To test this hypothesis I did a binomial test, assuming that the team had a true probability of winning equal to 0.484, the team’s actual winning percentage.
My test told me that neither the Sunday nor the Wednesday record was statistically significant though the Wednesday record was less likely.
To improve the test I used Bill James’ Pythagorean Theorem to calculate the team’s “expected winning percentage”. The percentage predicted by the Pythagorean Theorem, however, was not that different from the team’s actual winning percentage, and so did not substantially alter the results of the original test.
So what are we to make of this? Should we believe that this is simply random variation and there is no hidden pattern? I believe we have to go further than the statistical test to answer such a question.
The main problem with the binomial test is not that we do not know the team’s “true” winning percentage (which the Pythagorean Theorem, in theory, describes) but the assumption of a “true winning percentage”. Perhaps the Nationals played weaker opponents on Sundays? Maybe the pitching was worse on Wednesdays? Perhaps visibility is bad during night games, which are more likely played on Wednesday than Sunday. There are a variety of reasons to explain these results and I told my friend to see if he could find some hidden pattern, particularly on Wednesdays, that might explain these prima facie strange results.

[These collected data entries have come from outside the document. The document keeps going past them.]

(* Let $n\geq 6$ be an integer. Then $\Delta_D(S_n)^*$ is connected if and only if neither $n$ nor $n-1$ is a prime.
   Context: $S_n$ is the symmetric group. The deep commuting graph $\Delta_D(G)$ has vertex set $G$, distinct vertices adjacent iff their preimages commute in a Schur cover $\tilde G$ of $G$ (a central extension $\{e\}\to M(G)\to\tilde G\to G\to\{e\}$ with kernel contained in $Z(\tilde G)\cap[\tilde G,\tilde G]$, of maximal order; $M(G)$ the Schur multiplier). A vertex is dominant if adjacent to every other vertex; the reduced graph $\Gamma^*$ is the subgraph induced by the non-dominant vertices. *)

theory Defs
  imports "HOL-Algebra.Algebra" "HOL-Computational_Algebra.Primes"
begin

definition group_center :: "('c, 'd) monoid_scheme \<Rightarrow> 'c set" where
  "group_center H = {z \<in> carrier H. \<forall>h \<in> carrier H. z \<otimes>\<^bsub>H\<^esub> h = h \<otimes>\<^bsub>H\<^esub> z}"

definition stem_extension ::
  "('c, 'd) monoid_scheme \<Rightarrow> ('c \<Rightarrow> 'a) \<Rightarrow> ('a, 'b) monoid_scheme \<Rightarrow> bool" where
  "stem_extension H \<phi> G \<longleftrightarrow>
     group H \<and> group G \<and> \<phi> \<in> hom H G \<and> \<phi> ` carrier H = carrier G \<and>
     kernel H G \<phi> \<subseteq> group_center H \<inter> derived H (carrier H)"

text \<open>Every finite group is isomorphic to one with carrier in
  the type nat, so comparing against stem extensions with carrier in nat is
  comparing against all (finite) stem extensions.\<close>
definition schur_cover ::
  "('c, 'd) monoid_scheme \<Rightarrow> ('c \<Rightarrow> 'a) \<Rightarrow> ('a, 'b) monoid_scheme \<Rightarrow> bool" where
  "schur_cover H \<phi> G \<longleftrightarrow>
     stem_extension H \<phi> G \<and> finite (kernel H G \<phi>) \<and>
     (\<forall>(K :: nat monoid) rho. stem_extension K rho G \<longrightarrow>
        finite (kernel K G rho) \<and> card (kernel K G rho) \<le> card (kernel H G \<phi>))"

definition deep_adj ::
  "('c, 'd) monoid_scheme \<Rightarrow> ('c \<Rightarrow> 'a) \<Rightarrow> ('a, 'b) monoid_scheme \<Rightarrow> 'a \<Rightarrow> 'a \<Rightarrow> bool" where
  "deep_adj H \<phi> G x y \<longleftrightarrow> x \<noteq> y \<and>
     (\<exists>a \<in> carrier H. \<exists>b \<in> carrier H. \<phi> a = x \<and> \<phi> b = y \<and>
        a \<otimes>\<^bsub>H\<^esub> b = b \<otimes>\<^bsub>H\<^esub> a)"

But the important point is that the binomial test is not definitive. Statistical tests, when the assumptions are valid, are good for working with large amounts of data where human intuition and reasoning skills are notoriously bad. These tests can lead us toward new information or to test hypothesis that we simply cannot verify by ourselves (Voros McCracken’s efforts with BABIP immediately leap to mind).

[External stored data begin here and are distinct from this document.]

lemma integral_superuniform_candidacy:
  assumes sub: "subalgebra M F" and p_meas [measurable]: "p \<in> borel_measurable M"
    and su: "cond_superuniform M F p"
    and g_meas [measurable]: "g \<in> borel_measurable F"
    and g: "\<And>\<omega>. \<omega> \<in> space M \<Longrightarrow> 0 \<le> g \<omega> \<and> g \<omega> \<le> C"
    and a_meas [measurable]: "a \<in> borel_measurable F" and l_meas [measurable]: "l \<in> borel_measurable F"
    and al: "\<And>\<omega>. \<omega> \<in> space M \<Longrightarrow> 0 \<le> a \<omega> \<and> a \<omega> \<le> l \<omega> \<and> l \<omega> < 1"
    and ratio: "\<And>\<omega>. \<omega> \<in> space M \<Longrightarrow> a \<omega> / (1 - l \<omega>) \<le> D"
  shows "(\<integral>\<omega>. g \<omega> * (if p \<omega> \<le> a \<omega> then 1 else 0) \<partial>M)
    \<le> (\<integral>\<omega>. g \<omega> * (a \<omega> / (1 - l \<omega>) * (if p \<omega> > l \<omega> then 1 else 0)) \<partial>M)"
proof -
  have a_unit: "0 \<le> a \<omega> \<and> a \<omega> \<le> 1" and l_unit: "0 \<le> l \<omega> \<and> l \<omega> \<le> 1"
    if "\<omega> \<in> space M" for \<omega>
    using al[OF that] by auto
  \<comment> \<open>Super-uniformity at the candidacy level l, applied to the weight h, gives
    E[h 1{p \<le> l}] \<le> E[h l]; and g a = h (1 - l).\<close>
  define h where "h \<omega> = g \<omega> * (a \<omega> / (1 - l \<omega>))" for \<omega>
  have h_meas [measurable]: "h \<in> borel_measurable F"
    unfolding h_def by measurable
  have [measurable]: "h \<in> borel_measurable M" "l \<in> borel_measurable M"
    using measurable_from_subalg[OF sub h_meas] measurable_from_subalg[OF sub l_meas] .
  have h: "0 \<le> h \<omega> \<and> h \<omega> \<le> C * D" if "\<omega> \<in> space M" for \<omega>
  proof -
    have "0 \<le> a \<omega> / (1 - l \<omega>)"
      using al[OF that] by simp
    then show ?thesis
      using g[OF that] ratio[OF that] mult_mono[of "g \<omega>" C "a \<omega> / (1 - l \<omega>)" D]
      unfolding h_def by (simp del: times_divide_eq_right)
  qed
  have int_h: "integrable M (\<lambda>\<omega>. h \<omega> * w \<omega>)"
    if "w \<in> borel_measurable M" "\<And>\<omega>. \<omega> \<in> space M \<Longrightarrow> \<bar>w \<omega>\<bar> \<le> 1" for w
    using h that by (intro integrable_bounded_mult[where B = "C * D" and B' = 1]) auto
  have "(\<integral>\<omega>. g \<omega> * (if p \<omega> \<le> a \<omega> then 1 else 0) \<partial>M) \<le> (\<integral>\<omega>. g \<omega> * a \<omega> \<partial>M)"
    by (rule integral_superuniform[OF sub p_meas su g_meas g a_meas a_unit])
  also have "\<dots> = (\<integral>\<omega>. h \<omega> - h \<omega> * l \<omega> \<partial>M)"
  proof (rule Bochner_Integration.integral_cong)
    fix \<omega> assume "\<omega> \<in> space M"
    then have "1 - l \<omega> \<noteq> 0"
      using al by force
    have "h \<omega> - h \<omega> * l \<omega> = h \<omega> * (1 - l \<omega>)"
      by (simp add: algebra_simps)
    also have "\<dots> = g \<omega> * a \<omega>"
      using \<open>1 - l \<omega> \<noteq> 0\<close> by (simp add: h_def)
    finally show "g \<omega> * a \<omega> = h \<omega> - h \<omega> * l \<omega>"
      by simp
  qed simp
  also have "\<dots> = (\<integral>\<omega>. h \<omega> \<partial>M) - (\<integral>\<omega>. h \<omega> * l \<omega> \<partial>M)"
    using int_h[of "\<lambda>_. 1"] int_h[of l] l_unit by (intro Bochner_Integration.integral_diff) auto
  also have "\<dots> \<le> (\<integral>\<omega>. h \<omega> \<partial>M) - (\<integral>\<omega>. h \<omega> * (if p \<omega> \<le> l \<omega> then 1 else 0) \<partial>M)"
    by (intro diff_left_mono integral_superuniform[OF sub p_meas su h_meas h l_meas l_unit])
  also have "\<dots> = (\<integral>\<omega>. h \<omega> - h \<omega> * (if p \<omega> \<le> l \<omega> then 1 else 0) \<partial>M)"
    using int_h[of "\<lambda>_. 1"] int_h[of "\<lambda>\<omega>. if p \<omega> \<le> l \<omega> then 1 else 0"]
    by (intro Bochner_Integration.integral_diff[symmetric]) auto
  also have "\<dots> = (\<integral>\<omega>. g \<omega> * (a \<omega> / (1 - l \<omega>) * (if p \<omega> > l \<omega> then 1 else 0)) \<partial>M)"
    by (intro Bochner_Integration.integral_cong) (auto simp: h_def)
  finally show ?thesis .
qed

When the assumptions are not valid, statistical tests tell us nothing. This is not to necessarily say that in the case above the assumption that a team has an inherent winning percentage is invalid; if a team used the same lineup every day, for instance, I’d be more willing to accept such an assumption. But we should always remember that the assumptions of a statistical test are absolutely crucial. Assuring the validity of assumptions keep statistical tests close to reality and leads to credible and useful results.
When we view statistical tests as the final word in knowledge (which can easily happen, often because of the rhetoric of those doing the tests), we are much more likely to accept dubious assumptions and to not investigate unusual results. This can lead to unrealistic conclusions (again Voros McCracken leaps to mind). It is also the wellspring of villainy and bogus work in baseball analysis.
The only way to obtain clear baseball knowledge with statistics is to stay very close to reality. Ask yourself whether the assumptions are valid and whether the results make sense. Make sure counterintuitive results do not come from invalid assumptions. And never overstate the results of statistical tests.
With my friend’s case my opinion is that, despite the test results, the Wednesday data should be further investigated. That is, a statistical test should never be used to hide knowledge.